## To do
Repeat word for word every line of the data below, from the first through the line containing "by (cases xs", and stop there.

==============================

lemma adj_complete_minus:
  "adj (complete_minus n M) u v \<longleftrightarrow> u < n \<and> v < n \<and> u \<noteq> v \<and> {u, v} \<notin> M"
proof
  assume "adj (complete_minus n M) u v"
  then obtain a b where ab: "{u, v} = {a, b}" "a < n" "b < n" "a \<noteq> b" "{a, b} \<notin> M"
    unfolding adj_def complete_minus_def by blast
  then have "u < n \<and> v < n \<and> u \<noteq> v"
    by (auto simp: doubleton_eq_iff)
  then show "u < n \<and> v < n \<and> u \<noteq> v \<and> {u, v} \<notin> M"
    using ab(1,5) by simp
qed (auto simp: adj_def complete_minus_def)

lemma simple_graph_complete_minus: "simple_graph n (complete_minus n M)"
  unfolding simple_graph_def complete_minus_def by auto

lemma matching_partner_unique:
  assumes "pairwise disjnt M" "{u, v} \<in> M" "{u, w} \<in> M"
  shows "v = w"
proof -
  have "{u, v} = {u, w}"
  proof (rule ccontr)
    assume "{u, v} \<noteq> {u, w}"
    then have "disjnt {u, v} {u, w}"
      using pairwiseD[OF assms] by blast
    then show False by (simp add: disjnt_def)
  qed
  then show ?thesis by (auto simp: doubleton_eq_iff)
qed

lemma successively_nth:
  "successively P xs \<Longrightarrow> Suc i < length xs \<Longrightarrow> P (xs ! i) (xs ! Suc i)"
  by (induction P xs arbitrary: i rule: successively.induct) (auto simp: nth_Cons split: nat.split)

lemma distinct_hd_eq_last: "distinct xs \<Longrightarrow> xs \<noteq> [] \<Longrightarrow> hd xs = last xs \<Longrightarrow> xs = [hd xs]"
  by (cases xs rule: rev_cases) (auto simp: hd_append split: if_splits)

text \<open>A new vertex goes at whichever end of the path is not its partner in \<open>M\<close>; both ends are
  its partner only when the path is a single vertex, and then the enlarged set is an edge of \<open>M\<close>.\<close>
lemma matching_complement_traceable:
  assumes "simple_graph n M" "pairwise disjnt M" "finite T" "T \<notin> M"
  shows "\<exists>xs. distinct xs \<and> set xs = T \<and> successively (\<lambda>x y. {x, y} \<notin> M) xs"
  using assms(3,4)
proof (induction T rule: finite_induct)
  case empty
  show ?case by (intro exI[of _ "[]"]) simp
next
  case (insert y T)
  show ?case
  proof (cases "T \<in> M")
    case True
    then obtain a b where T: "T = {a, b}" "a \<noteq> b"
      using assms(1) unfolding simple_graph_def by blast
    have ab: "{a, b} \<in> M" "{b, a} \<in> M"
      using True T by (simp_all add: insert_commute)
    have "y \<noteq> a" "y \<noteq> b"
      using insert.hyps(2) T by auto
    then have "{a, y} \<notin> M" "{b, y} \<notin> M"
      using matching_partner_unique[OF assms(2) ab(1)] matching_partner_unique[OF assms(2) ab(2)]
      by blast+
    then show ?thesis
      using insert.hyps(2) T by (intro exI[of _ "[a, y, b]"]) (auto simp: insert_commute)
  next
    case False
    then obtain xs where xs: "distinct xs" "set xs = T" "successively (\<lambda>x y. {x, y} \<notin> M) xs"
      using insert.IH by blast
    consider "xs = []" | "xs \<noteq> []" "{last xs, y} \<notin> M" | "xs \<noteq> []" "{hd xs, y} \<notin> M"
      | "xs \<noteq> []" "{y, last xs} \<in> M" "{y, hd xs} \<in> M"
      by (auto simp: insert_commute)
    then show ?thesis
    proof cases
      case 1
      then show ?thesis using xs by (intro exI[of _ "[y]"]) auto
    next
      case 2
      then show ?thesis using xs insert.hyps(2)
        by (intro exI[of _ "xs @ [y]"]) (auto simp: successively_append_iff)
    next
      case 3
      then show ?thesis using xs insert.hyps(2)
        by (intro exI[of _ "y # xs"]) (auto simp: successively_Cons insert_commute)
    next
      case 4
      then have "hd xs = last xs"
        using matching_partner_unique[OF assms(2)] by blast
      then obtain x where "xs = [x]"
        using distinct_hd_eq_last[OF xs(1) \<open>xs \<noteq> []\<close>] by metis
      then show ?thesis
        using 4 insert.prems xs(2) by auto
    qed
  qed
qed

lemma is_path_complete_minusI:
  assumes "xs \<noteq> []" "distinct xs" "set xs \<subseteq> {0..<n}" "successively (\<lambda>x y. {x, y} \<notin> M) xs"
  shows "is_path n (complete_minus n M) xs"
proof -
  have "xs ! i < n" if "i < length xs" for i
    using assms(3) nth_mem[OF that] by auto
  moreover have "xs ! i \<noteq> xs ! Suc i" if "Suc i < length xs" for i
    using assms(2) that by (simp add: nth_eq_iff_index_eq)
  ultimately show ?thesis
    unfolding is_path_def adj_complete_minus using assms successively_nth[OF assms(4)] by simp
qed

lemma is_path_take: "is_path n E p \<Longrightarrow> 0 < k \<Longrightarrow> is_path n E (take k p)"
  unfolding is_path_def by (auto dest: in_set_takeD)

lemma psi_eqI:
  assumes "is_kPVC n E k S" "\<And>S'. is_kPVC n E k S' \<Longrightarrow> card S \<le> card S'"
  shows "psi n E k = card S"
  unfolding psi_def using assms by (intro Least_equality) auto

text \<open>The pigeonhole bound \<open>\<psi>\<^sub>k \<le> n - k + 1\<close>, valid in every graph.\<close>
lemma is_kPVC_atLeastLessThan: "1 \<le> k \<Longrightarrow> is_kPVC n E k {k - 1..<n}"
  unfolding is_kPVC_def
proof (intro conjI allI impI)
  fix p assume "1 \<le> k" and p: "is_path n E p \<and> length p = k"
  show "set p \<inter> {k - 1..<n} \<noteq> {}"
  proof
    assume "set p \<inter> {k - 1..<n} = {}"
    moreover have "set p \<subseteq> {0..<n}"
      using p unfolding is_path_def by simp
    ultimately have "set p \<subseteq> {0..<k - 1}"
      by fastforce
    then have "card (set p) \<le> k - 1"
      using card_mono[of "{0..<k - 1}" "set p"] by simp
    moreover have "card (set p) = k"
      using p distinct_card unfolding is_path_def by blast
    ultimately show False using \<open>1 \<le> k\<close> by simp
  qed
qed auto

lemma is_2PVC_complete_minus:
  assumes "simple_graph n M" "e \<in> M"
  shows "is_kPVC n (complete_minus n M) 2 ({0..<n} - e)"
  unfolding is_kPVC_def
proof (intro conjI allI impI)
  fix p assume p: "is_path n (complete_minus n M) p \<and> length p = 2"
  then obtain a b where "p = [a, b]"
    by (auto simp: numeral_2_eq_2 length_Suc_conv)
  with p have ab: "{a, b} \<notin> M" "a \<noteq> b" "a < n" "b < n"
    unfolding is_path_def by (auto simp: adj_complete_minus)
  obtain u v where e: "e = {u, v}"
    using assms unfolding simple_graph_def by blast
  have "{a, b} \<noteq> e"
    using ab(1) assms(2) by blast
  then have "\<not> {a, b} \<subseteq> e"
    using ab(2) unfolding e by blast
  then show "set p \<inter> ({0..<n} - e) \<noteq> {}"
    using \<open>p = [a, b]\<close> ab by auto
qed auto

text \<open>If the uncovered vertices are at least \<open>m \<ge> k\<close> with \<open>m \<noteq> 2\<close>, then \<open>m\<close> of them carry a path,
  whose first \<open>k\<close> vertices avoid the cover. Taking \<open>m = 3\<close> handles \<open>k = 2\<close>.\<close>
lemma is_kPVC_complete_minus_card_ge:
  assumes M: "simple_graph n M" "pairwise disjnt M"
    and S: "is_kPVC n (complete_minus n M) k S"
    and k: "1 \<le> k" "k \<le> m" "m \<noteq> 2" "m \<le> n"
  shows "n - m + 1 \<le> card S"
proof (rule ccontr)
  assume "\<not> n - m + 1 \<le> card S"
  moreover have "S \<subseteq> {0..<n}"
    using S unfolding is_kPVC_def by simp
  ultimately have "m \<le> card ({0..<n} - S)"
    using k(4) by (simp add: card_Diff_subset finite_subset)
  then obtain T where T: "T \<subseteq> {0..<n} - S" "card T = m"
    by (meson obtain_subset_with_card_n)
  have "T \<notin> M"
    using T(2) k(3) M(1) unfolding simple_graph_def by (auto simp: card_insert_if)
  then obtain xs where xs: "distinct xs" "set xs = T" "successively (\<lambda>x y. {x, y} \<notin> M) xs"
    using matching_complement_traceable[OF M] T by (meson finite_Diff finite_atLeastLessThan finite_subset)
  have "length xs = m"
    using xs T(2) distinct_card by fastforce
  then have "is_path n (complete_minus n M) (take k xs)"
    using xs T k by (intro is_path_take is_path_complete_minusI) auto
  moreover have "length (take k xs) = k"
    using \<open>length xs = m\<close> k by simp
  ultimately have "set (take k xs) \<inter> S \<noteq> {}"
    using S unfolding is_kPVC_def by blast
  then show False
    using xs(2) T(1) by (auto dest: in_set_takeD)
qed

lemma psi_complete_minus:
  assumes M: "simple_graph n M" "pairwise disjnt M" "M \<noteq> {}"
    and k: "1 \<le> k" "k \<le> n"
  shows "psi n (complete_minus n M) k = (if k = 2 then n - 2 else n - k + 1)"
proof (cases "k = 2")
  case True
  obtain e where "e \<in> M" using M(3) by blast
  then obtain u v where e: "e = {u, v}" "u \<noteq> v" "u < n" "v < n"
    using M(1) unfolding simple_graph_def by blast
  have "card ({0..<n} - e) = n - 2"
    using e by (simp add: card_Diff_subset)
  moreover have "n - 2 \<le> card S" if "is_kPVC n (complete_minus n M) 2 S" for S
    using is_kPVC_complete_minus_card_ge[OF M(1,2) that, of 3] by (cases "n \<ge> 3") auto
  ultimately have "psi n (complete_minus n M) 2 = n - 2"
    using psi_eqI[OF is_2PVC_complete_minus[OF M(1) \<open>e \<in> M\<close>]] by simp
  then show ?thesis using True by simp
next
  case False
  have "card {k - 1..<n} = n - k + 1"
    using k by simp
  moreover have "psi n (complete_minus n M) k = card {k - 1..<n}"
    using is_kPVC_complete_minus_card_ge[OF M(1,2) _ k(1) order_refl False k(2)] \<open>card {k - 1..<n} = n - k + 1\<close>
    by (intro psi_eqI[OF is_kPVC_atLeastLessThan[OF k(1)]]) simp
  ultimately show ?thesis using False by simp
qed

text \<open>A missing edge \<open>{u, v}\<close> is bypassed through any third vertex, which the matching cannot
  pair with \<open>u\<close> or \<open>v\<close>.\<close>
lemma connected_complete_minus:
  assumes "pairwise disjnt M" "3 \<le> n"
  shows "connected_graph n (complete_minus n M)"
  unfolding connected_graph_def
proof (intro allI impI)
  fix u v assume uv: "u < n" "v < n"
  consider "u = v" | "u \<noteq> v" "{u, v} \<notin> M" | "u \<noteq> v" "{u, v} \<in> M" by blast
  then show "\<exists>p. is_path n (complete_minus n M) p \<and> hd p = u \<and> last p = v"
  proof cases
    case 1
    then show ?thesis using uv by (intro exI[of _ "[u]"]) (auto simp: is_path_def)
  next
    case 2
    then show ?thesis using uv by (intro exI[of _ "[u, v]"]) (auto intro!: is_path_complete_minusI)
  next
    case 3
    have "card {u, v} < card {0..<n}"
      using assms(2) by (simp add: card_insert_if)
    then have "\<not> {0..<n} \<subseteq> {u, v}"
      using card_mono[of "{u, v}" "{0..<n}"] by auto
    then obtain w where "w \<in> {0..<n} - {u, v}"
      by blast
    then have w: "w < n" "w \<noteq> u" "w \<noteq> v"
      by auto
    have "{v, u} \<in> M"
      using 3 by (simp add: insert_commute)
    then have "{u, w} \<notin> M" "{v, w} \<notin> M"
      using w matching_partner_unique[OF assms(1) \<open>{u, v} \<in> M\<close>] matching_partner_unique[OF assms(1)]
      by blast+
    then show ?thesis
      using uv w 3 by (intro exI[of _ "[u, w, v]"]) (auto intro!: is_path_complete_minusI simp: insert_commute)
  qed
qed

text \<open>An isomorphism maps the non-edges of one graph bijectively onto those of the other.\<close>
lemma graph_iso_complete_minus_card:
  assumes M: "simple_graph n M" and M': "simple_graph n M'"
    and iso: "graph_iso n (complete_minus n M) (complete_minus n M')"
  shows "card M = card M'"
proof -
  obtain f where f: "bij_betw f {0..<n} {0..<n}"
    and adj_iff: "\<forall>u<n. \<forall>v<n. adj (complete_minus n M) u v \<longleftrightarrow> adj (complete_minus n M') (f u) (f v)"
    using iso unfolding graph_iso_def by blast
  have inj: "inj_on f {0..<n}" and f_range: "f ` {0..<n} = {0..<n}"
    using bij_betw_imp_inj_on[OF f] bij_betw_imp_surj_on[OF f] .
  have edge_iff: "{u, v} \<in> M \<longleftrightarrow> {f u, f v} \<in> M'" if "u < n" "v < n" "u \<noteq> v" for u v
  proof -
    have "f u < n" "f v < n"
      using bij_betwE[OF f] that by auto
    moreover have "f u \<noteq> f v"
      using inj_on_eq_iff[OF inj] that by simp
    ultimately show ?thesis
      using adj_iff[rule_format, OF that(1,2)] that unfolding adj_complete_minus by simp
  qed
  have "M' = (\<lambda>e. f ` e) ` M"
  proof (intro equalityI subsetI)
    fix e' assume "e' \<in> M'"
    then obtain x y where e': "e' = {x, y}" "x \<noteq> y" "x < n" "y < n"
      using M' unfolding simple_graph_def by blast
    then have "x \<in> f ` {0..<n}" "y \<in> f ` {0..<n}"
      unfolding f_range by simp_all
    then obtain u v where uv: "u < n" "v < n" "x = f u" "y = f v"
      by auto
    then have "{u, v} \<in> M"
      using edge_iff[of u v] e' \<open>e' \<in> M'\<close> by auto
    moreover have "e' = f ` {u, v}"
      using e'(1) uv by simp
    ultimately show "e' \<in> (\<lambda>e. f ` e) ` M"
      by (rule rev_image_eqI)
  next
    fix e' assume "e' \<in> (\<lambda>e. f ` e) ` M"
    then obtain e where "e \<in> M" "e' = f ` e"
      by blast
    moreover obtain u v where "e = {u, v}" "u \<noteq> v" "u < n" "v < n"
      using M \<open>e \<in> M\<close> unfolding simple_graph_def by blast
    ultimately show "e' \<in> M'"
      using edge_iff by auto
  qed
  moreover have "M \<subseteq> Pow {0..<n}"
    using M unfolding simple_graph_def by auto
  ultimately show ?thesis
    using card_image[OF inj_on_subset[OF inj_on_image_Pow[OF inj]]] by metis
qed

==============================

## Finished exercise
lemma adj_complete_minus:
  "adj (complete_minus n M) u v \<longleftrightarrow> u < n \<and> v < n \<and> u \<noteq> v \<and> {u, v} \<notin> M"
proof
  assume "adj (complete_minus n M) u v"
  then obtain a b where ab: "{u, v} = {a, b}" "a < n" "b < n" "a \<noteq> b" "{a, b} \<notin> M"
    unfolding adj_def complete_minus_def by blast
  then have "u < n \<and> v < n \<and> u \<noteq> v"
    by (auto simp: doubleton_eq_iff)
  then show "u < n \<and> v < n \<and> u \<noteq> v \<and> {u, v} \<notin> M"
    using ab(1,5) by simp
qed (auto simp: adj_def complete_minus_def)

lemma simple_graph_complete_minus: "simple_graph n (complete_minus n M)"
  unfolding simple_graph_def complete_minus_def by auto

lemma matching_partner_unique:
  assumes "pairwise disjnt M" "{u, v} \<in> M" "{u, w} \<in> M"
  shows "v = w"
proof -
  have "{u, v} = {u, w}"
  proof (rule ccontr)
    assume "{u, v} \<noteq> {u, w}"
    then have "disjnt {u, v} {u, w}"
      using pairwiseD[OF assms] by blast
    then show False by (simp add: disjnt_def)
  qed
  then show ?thesis by (auto simp: doubleton_eq_iff)
qed

lemma successively_nth:
  "successively P xs \<Longrightarrow> Suc i < length xs \<Longrightarrow> P (xs ! i) (xs ! Suc i)"
  by (induction P xs arbitrary: i rule: successively.induct) (auto simp: nth_Cons split: nat.split)

lemma distinct_hd_eq_last: "distinct xs \<Longrightarrow> xs \<noteq> [] \<Longrightarrow> hd xs = last xs \<Longrightarrow> xs = [hd xs]"
  by (cases xs rule: rev_cases) (auto simp: hd_append split: if_splits)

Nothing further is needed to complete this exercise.